Recorded data:
lemma NGG_ge_two_pendant_paths:
  assumes tree: "card (upper_edges E) = n - 1" "card leaves = 2" and "9 \<le> n"
  shows "2 / sqrt (real n - 1) + 2 / sqrt (2 * (real n - 2)) + 1 / sqrt (3 * (real n - 3))
    + real (n - 6) / sqrt (real (halves_prod n)) \<le> NGG n E"
proof -
  obtain l1 l2 where l: "leaves = {l1, l2}" "l1 \<noteq> l2" using tree(2) by (meson card_2_iff)
  obtain p1 q1 r1 where c1: "(l1, p1) \<in> E" "nclose n E l1 p1 = 1" "nclose n E p1 l1 = n - 1"
    "(p1, q1) \<in> E" "nclose n E p1 q1 = 2" "nclose n E q1 p1 = n - 2" "E `` {p1} = {l1, q1}"
    "(q1, r1) \<in> E" "nclose n E q1 r1 = 3" "nclose n E r1 q1 = n - 3"
    by (rule pendant_path[OF tree, of l1]) (use l assms(3) in auto)
  obtain p2 q2 r2 where c2: "(l2, p2) \<in> E" "nclose n E l2 p2 = 1" "nclose n E p2 l2 = n - 1"
    "(p2, q2) \<in> E" "nclose n E p2 q2 = 2" "nclose n E q2 p2 = n - 2"
    by (rule pendant_path[OF tree, of l2]) (use l assms(3) in auto)
  have "p1 \<noteq> p2"
  proof
    assume "p1 = p2"
    then have "l2 = q1" using edge_sym[OF c2(1)] c1(7) l(2) by auto
    with \<open>p1 = p2\<close> c1(5) c2(3) assms(3) show False by simp
  qed
  define es where "es = [(l1, p1), (l2, p2), (p1, q1), (p2, q2), (q1, r1)]"
  have "distinct (map sort_pair es)"
    \<comment> \<open>an equality of two of these vertices would equate two different values of \<open>nclose\<close>\<close>
    using c1 c2 l(2) \<open>p1 \<noteq> p2\<close> assms(3) unfolding es_def by (auto simp: sort_pair_eq_iff)
  moreover have "set es \<subseteq> E" unfolding es_def using c1 c2 by simp
  ultimately have F: "set (map sort_pair es) \<subseteq> upper_edges E" "card (set (map sort_pair es)) = 5"
    using sort_pair_in_upper_edges distinct_card by (fastforce simp: es_def)+
  have "sum (ngg_term n E) (set (map sort_pair es)) = sum_list (map (ngg_term n E) es)"
    using sum_list_distinct_conv_sum_set[OF \<open>distinct (map sort_pair es)\<close>, of "ngg_term n E"]
    by (simp add: comp_def)
  also have "\<dots> = 2 / sqrt (real n - 1) + 2 / sqrt (2 * (real n - 2)) + 1 / sqrt (3 * (real n - 3))"
    unfolding es_def ngg_term_def using c1 c2 assms(3) by (simp add: mult.commute of_nat_diff)
  finally show ?thesis using NGG_ge[OF F(1)] F(2) tree(1) by simp
qed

**Work to be completed:** Write down exactly the span of lines above from the one containing "with \<open>p1 = p2\<close>" to the one containing "values of \<open>nclose\<close>\<close>", both ends included.

**Exercise response:**
    with \<open>p1 = p2\<close> c1(5) c2(3) assms(3) show False by simp
  qed
  define es where "es = [(l1, p1), (l2, p2), (p1, q1), (p2, q2), (q1, r1)]"
  have "distinct (map sort_pair es)"
    \<comment> \<open>an equality of two of these vertices would equate two different values of \<open>nclose\<close>\<close>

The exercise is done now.